**Activity**:
Find the line containing "nat \<Rightarrow> nat \<Rightarrow> 'a" in the records below. Copy exactly that line and each one after it, ending at the line containing "act l t = (if", and nothing more.

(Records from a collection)
════

(* Under the standing setup, let $\mathcal S_\dagger\subset\mathbb R^D$ be a finite nonempty anchor set and let $\hat V_\tau(s,l,t)$, for $s\in\mathcal S_\dagger$, $l\in\{0,\dots,k\}$, $t\in\{0,\dots,T-1\}$, be the values computed by the anchor recursion. Then $\hat V_\tau(s,l,t)\ge V_\tau(s,l,t)$ for all such $s,l,t$.
   Context: Standing setup: state space $\mathcal S=\mathbb R^D$, finite action set $\mathcal A$, horizon $T\ge2$, noise space $\mathcal U$. A transition mechanism $g_S:\mathcal S\times\mathcal A\times\mathcal U\to\mathcal S$ is bijective in its last argument, with inverse $g_S^{-1}:\mathcal S\times\mathcal A\times\mathcal S\to\mathcal U$ satisfying $u=g_S^{-1}(s,a,s')$ whenever $s'=g_S(s,a,u)$. Reward $R:\mathcal S\times\mathcal A\to\mathbb R$. Lipschitz assumption: for each $a\in\mathcal A,u\in\mathcal U$ there is $K_{a,u}\ge0$ with $\|g_S(s,a,u)-g_S(s',a,u)\|\le K_{a,u}\|s-s'\|$, and for each $a$ there is $C_a\ge0$ with $|R(s,a)-R(s',a)|\le C_a\|s-s'\|$, for all $s,s'\in\mathcal S$ (Euclidean norm). An observed episode $\tau$ consists of states $s_0,\dots,s_{T-1}$ and actions $a_0,\dots,a_{T-1}$; put $u_t=g_S^{-1}(s_t,a_t,s_{t+1})$ for $t=0,\dots,T-2$. Fix a budget $k\in\{0,\dots,T\}$. For $t\le T-2$ define $F^+_{\tau,t}((s,l),a)=\big(g_S(s,a,u_t),\,l+\mathbf 1[a\ne a_t]\big)$. For $t\in\{0,\dots,T-1\}$, $l\in\{0,\dots,k\}$, $s\in\mathcal S$, the value $V_\tau(s,l,t)$ is the maximum of $\sum_{t'=t}^{T-1}R(s'_{t'},a'_{t'})$ over action sequences $a'_t,\dots,a'_{T-1}\in\mathcal A$ with $\sum_{t'=t}^{T-1}\mathbf 1[a'_{t'}\ne a_{t'}]\le k-l$, where $s'_t=s$ and $s'_{t'+1}=g_S(s'_{t'},a'_{t'},u_{t'})$. Constants: $K_{u_t}=\max_{a}K_{a,u_t}$, $C=\max_a C_a$, $L_{T-1}=C$, $L_t=C+L_{t+1}K_{u_t}$ for $t\le T-2$. For $l\in\{0,\dots,k\}$ and time $t$, let $\mathcal A'_{l,t}=\{a_t\}$ if $l=k$ and $\mathcal A'_{l,t}=\mathcal A$ if $l<k$. Anchor recursion (defined only for $s\in\mathcal S_\dagger$): $\hat V_\tau(s,l,T-1)=\max_{a\in\mathcal A}R(s,a)$ for $l<k$ and $\hat V_\tau(s,k,T-1)=R(s,a_{T-1})$; for $t=T-2,\dots,0$ and $l=k,\dots,0$, $$\hat V_\tau(s,l,t)=\max_{a\in\mathcal A'_{l,t}}\Big\{R(s,a)+\min_{s_\dagger\in\mathcal S_\dagger}\big\{\hat V_\tau(s_\dagger,l_a,t+1)+L_{t+1}\|s_\dagger-s_a\|\big\}\Big\},$$ where $(s_a,l_a)=F^+_{\tau,t}((s,l),a)$. *)

theory Defs
  imports "HOL-Analysis.Analysis"
begin

definition noise :: "('s \<Rightarrow> 'a \<Rightarrow> 's \<Rightarrow> 'u) \<Rightarrow> (nat \<Rightarrow> 's) \<Rightarrow> (nat \<Rightarrow> 'a) \<Rightarrow> nat \<Rightarrow> 'u" where
  "noise ginv st act t = ginv (st t) (act t) (st (Suc t))"

primrec roll :: "('s \<Rightarrow> 'a \<Rightarrow> 'u \<Rightarrow> 's) \<Rightarrow> (nat \<Rightarrow> 'u) \<Rightarrow> (nat \<Rightarrow> 'a) \<Rightarrow> 's \<Rightarrow> nat \<Rightarrow> nat \<Rightarrow> 's" where
  "roll g u b s t 0 = s"
| "roll g u b s t (Suc j) = g (roll g u b s t j) (b (t + j)) (u (t + j))"

definition Vtrue ::
  "('s \<Rightarrow> 'a \<Rightarrow> 'u \<Rightarrow> 's) \<Rightarrow> ('s \<Rightarrow> 'a \<Rightarrow> 's \<Rightarrow> 'u) \<Rightarrow> ('s \<Rightarrow> 'a \<Rightarrow> real) \<Rightarrow>
   nat \<Rightarrow> nat \<Rightarrow> (nat \<Rightarrow> 's) \<Rightarrow> (nat \<Rightarrow> 'a) \<Rightarrow> 's \<Rightarrow> nat \<Rightarrow> nat \<Rightarrow> real" where
  "Vtrue g ginv R T k st act s l t =
     Max {(\<Sum>j<T - t. R (roll g (noise ginv st act) b s t j) (b (t + j))) | b.
            (\<Sum>j<T - t. (if b (t + j) \<noteq> act (t + j) then 1 else 0 :: nat)) \<le> k - l}"

definition Ku :: "('a::finite \<Rightarrow> 'u \<Rightarrow> real) \<Rightarrow> (nat \<Rightarrow> 'u) \<Rightarrow> nat \<Rightarrow> real" where
  "Ku K u t = Max (range (\<lambda>a. K a (u t)))"

text \<open>Lrem m = L_{T-1-m}: L_{T-1} = C, L_t = C + L_{t+1} K_{u_t}, with C = max_a C_a.\<close>
primrec Lrem :: "('a::finite \<Rightarrow> 'u \<Rightarrow> real) \<Rightarrow> ('a \<Rightarrow> real) \<Rightarrow> (nat \<Rightarrow> 'u) \<Rightarrow> nat \<Rightarrow> nat \<Rightarrow> real" where
  "Lrem K Cf u T 0 = Max (range Cf)"
| "Lrem K Cf u T (Suc m) = Max (range Cf) + Lrem K Cf u T m * Ku K u (T - 2 - m)"

definition Lconst :: "('a::finite \<Rightarrow> 'u \<Rightarrow> real) \<Rightarrow> ('a \<Rightarrow> real) \<Rightarrow> (nat \<Rightarrow> 'u) \<Rightarrow> nat \<Rightarrow> nat \<Rightarrow> real" where
  "Lconst K Cf u T t = Lrem K Cf u T (T - 1 - t)"

definition Aset :: "nat \<Rightarrow> (nat \<Rightarrow> 'a) \<Rightarrow> nat \<Rightarrow> nat \<Rightarrow> 'a set" where
  "Aset k act l t = (if l = k then {act t} else UNIV)"

text \<open>Anchor recursion, indexed by the number m of remaining steps (time t = T-1-m).\<close>
primrec Vrem ::
  "('s::real_normed_vector \<Rightarrow> 'a::finite \<Rightarrow> 'u \<Rightarrow> 's) \<Rightarrow> ('s \<Rightarrow> 'a \<Rightarrow> real) \<Rightarrow>
   ('a \<Rightarrow> 'u \<Rightarrow> real) \<Rightarrow> ('a \<Rightarrow> real) \<Rightarrow> (nat \<Rightarrow> 'u) \<Rightarrow> nat \<Rightarrow> nat \<Rightarrow> (nat \<Rightarrow> 'a) \<Rightarrow>
   's set \<Rightarrow> nat \<Rightarrow> 's \<Rightarrow> nat \<Rightarrow> real" where
  "Vrem g R K Cf u T k act Sd 0 s l =
     (if l < k then Max (range (R s)) else R s (act (T - 1)))"
| "Vrem g R K Cf u T k act Sd (Suc m) s l =
     (let t = T - 2 - m in
      Max ((\<lambda>a. R s a + Min ((\<lambda>sd. Vrem g R K Cf u T k act Sd m sd
                                        (l + (if a \<noteq> act t then 1 else 0))
                                   + Lconst K Cf u T (Suc t) * norm (sd - g s a (u t))) ` Sd))
           ` Aset k act l t))"

definition Vhat ::
  "('s::real_normed_vector \<Rightarrow> 'a::finite \<Rightarrow> 'u \<Rightarrow> 's) \<Rightarrow> ('s \<Rightarrow> 'a \<Rightarrow> 's \<Rightarrow> 'u) \<Rightarrow>
   ('s \<Rightarrow> 'a \<Rightarrow> real) \<Rightarrow> ('a \<Rightarrow> 'u \<Rightarrow> real) \<Rightarrow> ('a \<Rightarrow> real) \<Rightarrow> nat \<Rightarrow> nat \<Rightarrow>
   (nat \<Rightarrow> 's) \<Rightarrow> (nat \<Rightarrow> 'a) \<Rightarrow> 's set \<Rightarrow> 's \<Rightarrow> nat \<Rightarrow> nat \<Rightarrow> real" where
  "Vhat g ginv R K Cf T k st act Sd s l t =
     Vrem g R K Cf (noise ginv st act) T k act Sd (T - 1 - t) s l"

end

theory Submission
  imports Defs
begin

text \<open>Fix an admissible action sequence. Its counterfactual return from time \<open>t\<close> is
  \<open>L\<^sub>t\<close>-Lipschitz in the starting state: one step contributes the reward constant \<open>C\<close>,
  and the remaining return, which is \<open>L\<^sub>t\<^sub>+\<^sub>1\<close>-Lipschitz, is evaluated after a transition
  that stretches distances by at most \<open>K\<^sub>u\<^sub>t\<close>. So the return from the successor state
  \<open>s\<^sub>a\<close> is bounded by \<open>V\<^sub>\<tau>(s\<^sub>\<dagger>) + L\<^sub>t\<^sub>+\<^sub>1 \<parallel>s\<^sub>\<dagger> - s\<^sub>a\<parallel>\<close> for every anchor \<open>s\<^sub>\<dagger>\<close>, and backward
  induction on \<open>t\<close> shows that the anchor values dominate the return of every admissible
  sequence, in particular of an optimal one.\<close>

definition deviations :: "(nat \<Rightarrow> 'a) \<Rightarrow> (nat \<Rightarrow> 'a) \<Rightarrow> nat \<Rightarrow> nat \<Rightarrow> nat" where
  "deviations act b t n = (\<Sum>j<n. if b (t + j) \<noteq> act (t + j) then 1 else 0)"

lemma deviations_Suc:
  "deviations act b t (Suc n) = (if b t \<noteq> act t then 1 else 0) + deviations act b (Suc t) n"
  unfolding deviations_def by (subst sum.lessThan_Suc_shift) simp

definition cf_return ::
  "('s \<Rightarrow> 'a \<Rightarrow> 'u \<Rightarrow> 's) \<Rightarrow> (nat \<Rightarrow> 'u) \<Rightarrow> ('s \<Rightarrow> 'a \<Rightarrow> real) \<Rightarrow> (nat \<Rightarrow> 'a) \<Rightarrow>
   nat \<Rightarrow> nat \<Rightarrow> 's \<Rightarrow> real" where
  "cf_return g u R b t n s = (\<Sum>j<n. R (roll g u b s t j) (b (t + j)))"

lemma roll_Suc_start:
  "roll g u b s t (Suc j) = roll g u b (g s (b t) (u t)) (Suc t) j"
  by (induction j) auto

lemma cf_return_Suc:
  "cf_return g u R b t (Suc n) s = R s (b t) + cf_return g u R b (Suc t) n (g s (b t) (u t))"
  unfolding cf_return_def by (subst sum.lessThan_Suc_shift) (simp only: roll_Suc_start, simp)

lemma roll_restrict:
  assumes "j \<le> T - t"
  shows "roll g u (restrict b {t..<T}) s t j = roll g u b s t j"
  using assms by (induction j) auto

lemma cf_return_restrict:
  assumes "n \<le> T - t"
  shows "cf_return g u R (restrict b {t..<T}) t n s = cf_return g u R b t n s"
  unfolding cf_return_def using assms by (intro sum.cong) (auto simp: roll_restrict)

lemma Vtrue_attained:
  fixes act :: "nat \<Rightarrow> 'a::finite"
  obtains b where "deviations act b t (T - t) \<le> k - l"
    and "Vtrue g ginv R T k st act s l t = cf_return g (noise ginv st act) R b t (T - t) s"
proof -
  let ?f = "\<lambda>b. cf_return g (noise ginv st act) R b t (T - t) s"
  define S where "S = {?f b | b. deviations act b t (T - t) \<le> k - l}"
  have "Vtrue g ginv R T k st act s l t = Max S"
    unfolding Vtrue_def S_def cf_return_def deviations_def ..
  moreover have "S \<subseteq> ?f ` (PiE {t..<T} (\<lambda>_. UNIV))"
  proof
    fix x
    assume "x \<in> S"
    then obtain b where "x = ?f b"
      unfolding S_def by blast
    also have "\<dots> = ?f (restrict b {t..<T})"
      by (rule cf_return_restrict[symmetric]) simp
    finally show "x \<in> ?f ` (PiE {t..<T} (\<lambda>_. UNIV))"
      by auto
  qed
  then have "finite S"
    by (rule finite_subset) (intro finite_imageI finite_PiE; simp)
  moreover have "?f act \<in> S"
    unfolding S_def deviations_def by auto
  ultimately have "Vtrue g ginv R T k st act s l t \<in> S"
    using Max_in by auto
  then show thesis
    using that unfolding S_def by blast
qed

locale lipschitz_dynamics =
  fixes g :: "'s::real_normed_vector \<Rightarrow> 'a::finite \<Rightarrow> 'u \<Rightarrow> 's"
    and R :: "'s \<Rightarrow> 'a \<Rightarrow> real"
    and K :: "'a \<Rightarrow> 'u \<Rightarrow> real"
    and Cf :: "'a \<Rightarrow> real"
  assumes K_nonneg: "K a v \<ge> 0"
    and g_lipschitz: "norm (g s a v - g s' a v) \<le> K a v * norm (s - s')"
    and Cf_nonneg: "Cf a \<ge> 0"
    and R_lipschitz: "\<bar>R s a - R s' a\<bar> \<le> Cf a * norm (s - s')"
begin

lemma R_lipschitz_Max: "\<bar>R s a - R s' a\<bar> \<le> Max (range Cf) * norm (s - s')"
  using R_lipschitz[of s a s'] mult_right_mono[of "Cf a" "Max (range Cf)" "norm (s - s')"]
  by (simp add: Max_ge)

lemma g_lipschitz_Ku: "norm (g s a (u t) - g s' a (u t)) \<le> Ku K u t * norm (s - s')"
  using g_lipschitz[of s a "u t" s'] mult_right_mono[of "K a (u t)" "Ku K u t" "norm (s - s')"]
  by (simp add: Ku_def Max_ge)

lemma Lrem_nonneg: "0 \<le> Lrem K Cf u T m"
proof -
  have "0 \<le> Max (range Cf)"
    using Cf_nonneg by (auto simp: Max_ge_iff)
  moreover have "0 \<le> Ku K u t" for t
    using K_nonneg by (auto simp: Ku_def Max_ge_iff)
  ultimately show ?thesis
    by (induction m) simp_all
qed

lemma cf_return_lipschitz:
  assumes "t + m + 1 = T"
  shows "\<bar>cf_return g u R b t (Suc m) s - cf_return g u R b t (Suc m) s'\<bar>
           \<le> Lrem K Cf u T m * norm (s - s')"
  using assms
proof (induction m arbitrary: t s s')
  case 0
  then show ?case
    using R_lipschitz_Max by (simp add: cf_return_def)
next
  case (Suc m)
  let ?next = "\<lambda>s. g s (b t) (u t)"
  have "\<bar>cf_return g u R b (Suc t) (Suc m) (?next s) - cf_return g u R b (Suc t) (Suc m) (?next s')\<bar>
          \<le> Lrem K Cf u T m * norm (?next s - ?next s')"
    using Suc by simp
  also have "\<dots> \<le> Lrem K Cf u T m * (Ku K u t * norm (s - s'))"
    by (intro mult_left_mono g_lipschitz_Ku Lrem_nonneg)
  finally have "\<bar>cf_return g u R b t (Suc (Suc m)) s - cf_return g u R b t (Suc (Suc m)) s'\<bar>
      \<le> Max (range Cf) * norm (s - s') + Lrem K Cf u T m * (Ku K u t * norm (s - s'))"
    using R_lipschitz_Max[of s "b t" s'] unfolding cf_return_Suc[of _ _ _ _ _ "Suc m"] by linarith
  moreover have "T - 2 - m = t"
    using Suc.prems by simp
  ultimately show ?case
    by (simp add: algebra_simps)
qed

lemma cf_return_le_anchor_bound:
  assumes "finite Sd" "Sd \<noteq> {}" "t + m + 1 = T"
    and "\<And>sd. sd \<in> Sd \<Longrightarrow> cf_return g u R b t (Suc m) sd \<le> V sd"
  shows "cf_return g u R b t (Suc m) s \<le> Min ((\<lambda>sd. V sd + Lrem K Cf u T m * norm (sd - s)) ` Sd)"
proof (rule Min.boundedI)
  fix x
  assume "x \<in> (\<lambda>sd. V sd + Lrem K Cf u T m * norm (sd - s)) ` Sd"
  then obtain sd where "sd \<in> Sd" and x: "x = V sd + Lrem K Cf u T m * norm (sd - s)"
    by blast
  then show "cf_return g u R b t (Suc m) s \<le> x"
    using cf_return_lipschitz[OF assms(3), of u b s sd] assms(4)[of sd]
    by (simp add: norm_minus_commute)
qed (use assms in auto)

lemma cf_return_le_Vrem:
  assumes "finite Sd" "Sd \<noteq> {}"
  shows "\<lbrakk>t + m + 1 = T; s \<in> Sd; deviations act b t (Suc m) \<le> k - l; l \<le> k\<rbrakk> \<Longrightarrow>
    cf_return g u R b t (Suc m) s \<le> Vrem g R K Cf u T k act Sd m s l"
proof (induction m arbitrary: t s l)
  case 0
  then show ?case
    by (cases "l < k") (auto simp: cf_return_def deviations_def Max_ge split: if_splits)
next
  case (Suc m)
  define l' where "l' = l + (if b t \<noteq> act t then 1 else 0)"
  have "t = T - 2 - m" and "T - 1 - Suc t = m"
    using Suc.prems(1) by simp_all
  then have Lconst: "Lconst K Cf u T (Suc t) = Lrem K Cf u T m"
    by (simp add: Lconst_def)
  have "deviations act b (Suc t) (Suc m) \<le> k - l'" "l' \<le> k" "b t \<in> Aset k act l t"
    using Suc.prems(3,4) by (auto simp: deviations_Suc l'_def Aset_def split: if_splits)
  then have "cf_return g u R b t (Suc (Suc m)) s
      \<le> R s (b t) + Min ((\<lambda>sd. Vrem g R K Cf u T k act Sd m sd l'
                               + Lrem K Cf u T m * norm (sd - g s (b t) (u t))) ` Sd)"
    unfolding cf_return_Suc[of _ _ _ _ _ "Suc m"] using Suc.prems(1)
    by (intro add_left_mono cf_return_le_anchor_bound assms Suc.IH) auto
  also have "\<dots> \<le> Vrem g R K Cf u T k act Sd (Suc m) s l"
    unfolding Vrem.simps Let_def \<open>t = T - 2 - m\<close>[symmetric] Lconst l'_def
    by (rule Max_ge) (auto intro: rev_image_eqI[OF \<open>b t \<in> Aset k act l t\<close>])
  finally show ?case .
qed

end

theorem proposition1:
  fixes g :: "real^'d \<Rightarrow> 'a::finite \<Rightarrow> 'u \<Rightarrow> real^'d"
    and ginv :: "real^'d \<Rightarrow> 'a \<Rightarrow> real^'d \<Rightarrow> 'u"
    and R :: "real^'d \<Rightarrow> 'a \<Rightarrow> real"
    and K :: "'a \<Rightarrow> 'u \<Rightarrow> real"
    and Cf :: "'a \<Rightarrow> real"
    and T k :: nat
    and st :: "nat \<Rightarrow> real^'d"
    and act :: "nat \<Rightarrow> 'a"
    and Sd :: "(real^'d) set"
  assumes "T \<ge> 2" and "k \<le> T"
    and "\<And>s a. bij (g s a)"
    and "\<And>s a u s'. s' = g s a u \<Longrightarrow> u = ginv s a s'"
    and "\<And>a u. K a u \<ge> 0"
    and "\<And>a u s s'. norm (g s a u - g s' a u) \<le> K a u * norm (s - s')"
    and "\<And>a. Cf a \<ge> 0"
    and "\<And>a s s'. \<bar>R s a - R s' a\<bar> \<le> Cf a * norm (s - s')"
    and "finite Sd" and "Sd \<noteq> {}"
    and "s \<in> Sd" and "l \<le> k" and "t < T"
  shows "Vhat g ginv R K Cf T k st act Sd s l t \<ge> Vtrue g ginv R T k st act s l t"
proof -
  interpret lipschitz_dynamics g R K Cf
    using assms(5-8) by unfold_locales
  obtain b where "deviations act b t (T - t) \<le> k - l"
    and "Vtrue g ginv R T k st act s l t = cf_return g (noise ginv st act) R b t (T - t) s"
    by (rule Vtrue_attained)
  moreover have "T - t = Suc (T - 1 - t)" and "t + (T - 1 - t) + 1 = T"
    using \<open>t < T\<close> by simp_all
  ultimately show ?thesis
    unfolding Vhat_def using cf_return_le_Vrem[OF assms(9,10)] assms(11,12) by metis
qed

end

════

**Final answer**:
definition Aset :: "nat \<Rightarrow> (nat \<Rightarrow> 'a) \<Rightarrow> nat \<Rightarrow> nat \<Rightarrow> 'a set" where
  "Aset k act l t = (if l = k then {act t} else UNIV)"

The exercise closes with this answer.